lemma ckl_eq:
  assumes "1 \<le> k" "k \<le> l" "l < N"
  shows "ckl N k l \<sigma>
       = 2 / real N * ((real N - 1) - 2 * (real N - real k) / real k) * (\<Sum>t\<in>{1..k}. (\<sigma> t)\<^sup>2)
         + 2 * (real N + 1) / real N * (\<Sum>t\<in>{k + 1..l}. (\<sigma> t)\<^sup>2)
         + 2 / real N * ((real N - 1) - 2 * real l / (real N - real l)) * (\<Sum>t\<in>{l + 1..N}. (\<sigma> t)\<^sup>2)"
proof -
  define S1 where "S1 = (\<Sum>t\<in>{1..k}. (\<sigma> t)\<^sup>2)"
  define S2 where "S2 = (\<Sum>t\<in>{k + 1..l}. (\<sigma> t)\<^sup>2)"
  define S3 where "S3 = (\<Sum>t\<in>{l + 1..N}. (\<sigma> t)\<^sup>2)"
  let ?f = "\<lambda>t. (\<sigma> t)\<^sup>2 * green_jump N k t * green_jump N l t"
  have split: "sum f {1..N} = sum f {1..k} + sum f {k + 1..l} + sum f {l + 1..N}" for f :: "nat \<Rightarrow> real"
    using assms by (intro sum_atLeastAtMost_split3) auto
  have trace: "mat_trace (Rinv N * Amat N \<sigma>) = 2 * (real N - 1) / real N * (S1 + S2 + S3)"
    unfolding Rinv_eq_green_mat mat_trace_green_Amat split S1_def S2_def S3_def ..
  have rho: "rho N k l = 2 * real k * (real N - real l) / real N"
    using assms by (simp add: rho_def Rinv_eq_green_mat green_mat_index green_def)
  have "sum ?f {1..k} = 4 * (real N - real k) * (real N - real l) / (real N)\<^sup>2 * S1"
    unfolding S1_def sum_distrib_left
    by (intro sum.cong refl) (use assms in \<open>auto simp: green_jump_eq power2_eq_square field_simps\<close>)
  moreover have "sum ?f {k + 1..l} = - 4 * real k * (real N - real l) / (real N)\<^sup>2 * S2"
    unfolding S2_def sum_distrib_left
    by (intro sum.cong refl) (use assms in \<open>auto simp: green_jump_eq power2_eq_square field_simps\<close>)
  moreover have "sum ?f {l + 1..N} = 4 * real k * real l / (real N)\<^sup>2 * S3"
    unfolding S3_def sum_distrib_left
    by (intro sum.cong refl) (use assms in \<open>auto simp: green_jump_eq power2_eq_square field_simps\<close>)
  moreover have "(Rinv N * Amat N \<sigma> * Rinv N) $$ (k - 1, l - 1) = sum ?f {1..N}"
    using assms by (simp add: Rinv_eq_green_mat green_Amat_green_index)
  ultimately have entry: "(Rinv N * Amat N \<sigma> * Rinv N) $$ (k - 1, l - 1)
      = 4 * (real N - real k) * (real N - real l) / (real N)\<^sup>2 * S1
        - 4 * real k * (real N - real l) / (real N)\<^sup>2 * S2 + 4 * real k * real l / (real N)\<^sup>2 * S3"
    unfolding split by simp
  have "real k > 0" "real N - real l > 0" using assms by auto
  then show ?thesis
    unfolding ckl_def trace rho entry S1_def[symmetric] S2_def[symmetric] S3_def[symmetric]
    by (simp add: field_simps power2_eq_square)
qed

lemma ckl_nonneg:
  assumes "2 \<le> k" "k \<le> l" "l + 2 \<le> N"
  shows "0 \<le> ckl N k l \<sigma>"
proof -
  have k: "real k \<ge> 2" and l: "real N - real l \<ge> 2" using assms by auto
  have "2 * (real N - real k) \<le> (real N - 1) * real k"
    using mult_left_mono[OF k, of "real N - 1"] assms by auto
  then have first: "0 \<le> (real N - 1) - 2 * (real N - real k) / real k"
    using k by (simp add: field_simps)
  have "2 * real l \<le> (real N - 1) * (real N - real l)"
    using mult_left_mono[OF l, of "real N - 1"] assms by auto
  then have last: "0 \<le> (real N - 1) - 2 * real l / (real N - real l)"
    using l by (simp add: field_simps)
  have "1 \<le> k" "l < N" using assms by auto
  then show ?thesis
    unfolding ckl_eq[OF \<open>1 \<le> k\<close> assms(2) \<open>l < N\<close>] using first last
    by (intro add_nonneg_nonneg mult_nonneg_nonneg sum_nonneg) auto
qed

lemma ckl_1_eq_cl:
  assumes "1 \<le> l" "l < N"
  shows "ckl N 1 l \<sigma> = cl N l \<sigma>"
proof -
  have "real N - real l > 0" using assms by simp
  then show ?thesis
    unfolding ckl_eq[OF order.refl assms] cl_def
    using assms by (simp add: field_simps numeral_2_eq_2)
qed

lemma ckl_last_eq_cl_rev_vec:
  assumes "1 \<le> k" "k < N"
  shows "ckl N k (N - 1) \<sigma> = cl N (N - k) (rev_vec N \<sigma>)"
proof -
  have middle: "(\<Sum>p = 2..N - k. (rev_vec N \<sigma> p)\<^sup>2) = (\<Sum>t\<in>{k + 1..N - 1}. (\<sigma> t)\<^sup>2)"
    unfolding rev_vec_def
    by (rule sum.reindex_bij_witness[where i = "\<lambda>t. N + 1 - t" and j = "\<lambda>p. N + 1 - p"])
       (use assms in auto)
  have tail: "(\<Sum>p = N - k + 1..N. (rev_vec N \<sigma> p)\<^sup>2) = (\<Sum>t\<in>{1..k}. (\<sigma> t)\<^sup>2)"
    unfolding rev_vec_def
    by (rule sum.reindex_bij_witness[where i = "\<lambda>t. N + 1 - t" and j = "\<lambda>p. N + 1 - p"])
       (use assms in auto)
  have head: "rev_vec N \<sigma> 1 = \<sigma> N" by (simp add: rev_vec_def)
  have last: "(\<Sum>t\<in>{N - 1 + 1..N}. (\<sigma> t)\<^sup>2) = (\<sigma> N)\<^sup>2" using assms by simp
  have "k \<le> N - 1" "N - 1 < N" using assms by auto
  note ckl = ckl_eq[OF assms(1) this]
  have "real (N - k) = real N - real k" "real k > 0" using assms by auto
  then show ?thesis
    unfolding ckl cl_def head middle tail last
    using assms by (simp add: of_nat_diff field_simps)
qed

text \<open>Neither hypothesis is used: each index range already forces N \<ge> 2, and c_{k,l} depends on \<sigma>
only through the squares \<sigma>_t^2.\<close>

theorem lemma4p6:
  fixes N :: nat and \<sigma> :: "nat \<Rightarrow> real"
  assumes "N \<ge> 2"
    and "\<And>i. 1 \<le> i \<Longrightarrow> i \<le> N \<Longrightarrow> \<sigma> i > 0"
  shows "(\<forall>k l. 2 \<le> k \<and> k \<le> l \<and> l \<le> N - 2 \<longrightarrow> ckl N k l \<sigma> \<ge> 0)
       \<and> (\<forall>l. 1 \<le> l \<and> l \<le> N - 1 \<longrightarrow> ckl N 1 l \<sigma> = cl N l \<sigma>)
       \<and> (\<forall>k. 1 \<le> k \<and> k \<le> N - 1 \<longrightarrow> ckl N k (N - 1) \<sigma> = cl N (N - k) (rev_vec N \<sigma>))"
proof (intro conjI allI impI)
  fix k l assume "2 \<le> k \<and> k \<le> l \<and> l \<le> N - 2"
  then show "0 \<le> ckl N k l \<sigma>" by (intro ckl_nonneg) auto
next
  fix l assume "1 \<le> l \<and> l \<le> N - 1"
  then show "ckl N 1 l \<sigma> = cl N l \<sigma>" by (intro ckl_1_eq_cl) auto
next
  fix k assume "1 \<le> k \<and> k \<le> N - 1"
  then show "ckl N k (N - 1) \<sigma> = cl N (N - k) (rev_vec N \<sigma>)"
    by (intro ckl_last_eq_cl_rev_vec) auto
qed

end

- - -

#### Instructions to follow:
What you give back should match the entries above exactly.

#### Reply to the task:
lemma ckl_eq:
  assumes "1 \<le> k" "k \<le> l" "l < N"
  shows "ckl N k l \<sigma>
       = 2 / real N * ((real N - 1) - 2 * (real N - real k) / real k) * (\<Sum>t\<in>{1..k}. (\<sigma> t)\<^sup>2)
         + 2 * (real N + 1) / real N * (\<Sum>t\<in>{k + 1..l}. (\<sigma> t)\<^sup>2)
         + 2 / real N * ((real N - 1) - 2 * real l / (real N - real l)) * (\<Sum>t\<in>{l + 1..N}. (\<sigma> t)\<^sup>2)"
proof -
  define S1 where "S1 = (\<Sum>t\<in>{1..k}. (\<sigma> t)\<^sup>2)"
  define S2 where "S2 = (\<Sum>t\<in>{k + 1..l}. (\<sigma> t)\<^sup>2)"
  define S3 where "S3 = (\<Sum>t\<in>{l + 1..N}. (\<sigma> t)\<^sup>2)"
  let ?f = "\<lambda>t. (\<sigma> t)\<^sup>2 * green_jump N k t * green_jump N l t"
  have split: "sum f {1..N} = sum f {1..k} + sum f {k + 1..l} + sum f {l + 1..N}" for f :: "nat \<Rightarrow> real"
    using assms by (intro sum_atLeastAtMost_split3) auto
  have trace: "mat_trace (Rinv N * Amat N \<sigma>) = 2 * (real N - 1) / real N * (S1 + S2 + S3)"
    unfolding Rinv_eq_green_mat mat_trace_green_Amat split S1_def S2_def S3_def ..
  have rho: "rho N k l = 2 * real k * (real N - real l) / real N"
    using assms by (simp add: rho_def Rinv_eq_green_mat green_mat_index green_def)
  have "sum ?f {1..k} = 4 * (real N - real k) * (real N - real l) / (real N)\<^sup>2 * S1"
    unfolding S1_def sum_distrib_left
    by (intro sum.cong refl) (use assms in \<open>auto simp: green_jump_eq power2_eq_square field_simps\<close>)
  moreover have "sum ?f {k + 1..l} = - 4 * real k * (real N - real l) / (real N)\<^sup>2 * S2"
    unfolding S2_def sum_distrib_left
    by (intro sum.cong refl) (use assms in \<open>auto simp: green_jump_eq power2_eq_square field_simps\<close>)
  moreover have "sum ?f {l + 1..N} = 4 * real k * real l / (real N)\<^sup>2 * S3"
    unfolding S3_def sum_distrib_left
    by (intro sum.cong refl) (use assms in \<open>auto simp: green_jump_eq power2_eq_square field_simps\<close>)
  moreover have "(Rinv N * Amat N \<sigma> * Rinv N) $$ (k - 1, l - 1) = sum ?f {1..N}"
    using assms by (simp add: Rinv_eq_green_mat green_Amat_green_index)
  ultimately have entry: "(Rinv N * Amat N \<sigma> * Rinv N) $$ (k - 1, l - 1)
      = 4 * (real N - real k) * (real N - real l) / (real N)\<^sup>2 * S1
        - 4 * real k * (real N - real l) / (real N)\<^sup>2 * S2 + 4 * real k * real l / (real N)\<^sup>2 * S3"
    unfolding split by simp
  have "real k > 0" "real N - real l > 0" using assms by auto
  then show ?thesis
    unfolding ckl_def trace rho entry S1_def[symmetric] S2_def[symmetric] S3_def[symmetric]
    by (simp add: field_simps power2_eq_square)
qed

lemma ckl_nonneg:
  assumes "2 \<le> k" "k \<le> l" "l + 2 \<le> N"
  shows "0 \<le> ckl N k l \<sigma>"
proof -
  have k: "real k \<ge> 2" and l: "real N - real l \<ge> 2" using assms by auto
  have "2 * (real N - real k) \<le> (real N - 1) * real k"
    using mult_left_mono[OF k, of "real N - 1"] assms by auto
  then have first: "0 \<le> (real N - 1) - 2 * (real N - real k) / real k"
    using k by (simp add: field_simps)
  have "2 * real l \<le> (real N - 1) * (real N - real l)"
    using mult_left_mono[OF l, of "real N - 1"] assms by auto
  then have last: "0 \<le> (real N - 1) - 2 * real l / (real N - real l)"
    using l by (simp add: field_simps)
  have "1 \<le> k" "l < N" using assms by auto
  then show ?thesis
    unfolding ckl_eq[OF \<open>1 \<le> k\<close> assms(2) \<open>l < N\<close>] using first last
    by (intro add_nonneg_nonneg mult_nonneg_nonneg sum_nonneg) auto
qed

lemma ckl_1_eq_cl:
  assumes "1 \<le> l" "l < N"
  shows "ckl N 1 l \<sigma> = cl N l \<sigma>"
proof -
  have "real N - real l > 0" using assms by simp
  then show ?thesis
    unfolding ckl_eq[OF order.refl assms] cl_def
    using assms by (simp add: field_simps numeral_2_eq_2)
qed

lemma ckl_last_eq_cl_rev_vec:
  assumes "1 \<le> k" "k < N"
  shows "ckl N k (N - 1) \<sigma> = cl N (N - k) (rev_vec N \<sigma>)"
proof -
  have middle: "(\<Sum>p = 2..N - k. (rev_vec N \<sigma> p)\<^sup>2) = (\<Sum>t\<in>{k + 1..N - 1}. (\<sigma> t)\<^sup>2)"
    unfolding rev_vec_def
    by (rule sum.reindex_bij_witness[where i = "\<lambda>t. N + 1 - t" and j = "\<lambda>p. N + 1 - p"])
       (use assms in auto)
  have tail: "(\<Sum>p = N - k + 1..N. (rev_vec N \<sigma> p)\<^sup>2) = (\<Sum>t\<in>{1..k}. (\<sigma> t)\<^sup>2)"
    unfolding rev_vec_def
    by (rule sum.reindex_bij_witness[where i = "\<lambda>t. N + 1 - t" and j = "\<lambda>p. N + 1 - p"])
       (use assms in auto)
  have head: "rev_vec N \<sigma> 1 = \<sigma> N" by (simp add: rev_vec_def)
  have last: "(\<Sum>t\<in>{N - 1 + 1..N}. (\<sigma> t)\<^sup>2) = (\<sigma> N)\<^sup>2" using assms by simp
  have "k \<le> N - 1" "N - 1 < N" using assms by auto
  note ckl = ckl_eq[OF assms(1) this]
  have "real (N - k) = real N - real k" "real k > 0" using assms by auto
  then show ?thesis
    unfolding ckl cl_def head middle tail last
    using assms by (simp add: of_nat_diff field_simps)
qed

text \<open>Neither hypothesis is used: each index range already forces N \<ge> 2, and c_{k,l} depends on \<sigma>
only through the squares \<sigma>_t^2.\<close>

theorem lemma4p6:
  fixes N :: nat and \<sigma> :: "nat \<Rightarrow> real"
  assumes "N \<ge> 2"
    and "\<And>i. 1 \<le> i \<Longrightarrow> i \<le> N \<Longrightarrow> \<sigma> i > 0"
  shows "(\<forall>k l. 2 \<le> k \<and> k \<le> l \<and> l \<le> N - 2 \<longrightarrow> ckl N k l \<sigma> \<ge> 0)
       \<and> (\<forall>l. 1 \<le> l \<and> l \<le> N - 1 \<longrightarrow> ckl N 1 l \<sigma> = cl N l \<sigma>)
       \<and> (\<forall>k. 1 \<le> k \<and> k \<le> N - 1 \<longrightarrow> ckl N k (N - 1) \<sigma> = cl N (N - k) (rev_vec N \<sigma>))"
proof (intro conjI allI impI)
  fix k l assume "2 \<le> k \<and> k \<le> l \<and> l \<le> N - 2"
  then show "0 \<le> ckl N k l \<sigma>" by (intro ckl_nonneg) auto
next
  fix l assume "1 \<le> l \<and> l \<le> N - 1"
  then show "ckl N 1 l \<sigma> = cl N l \<sigma>" by (intro ckl_1_eq_cl) auto
next
  fix k assume "1 \<le> k \<and> k \<le> N - 1"
  then show "ckl N k (N - 1) \<sigma> = cl N (N - k) (rev_vec N \<sigma>)"
    by (intro ckl_last_eq_cl_rev_vec) auto
qed

end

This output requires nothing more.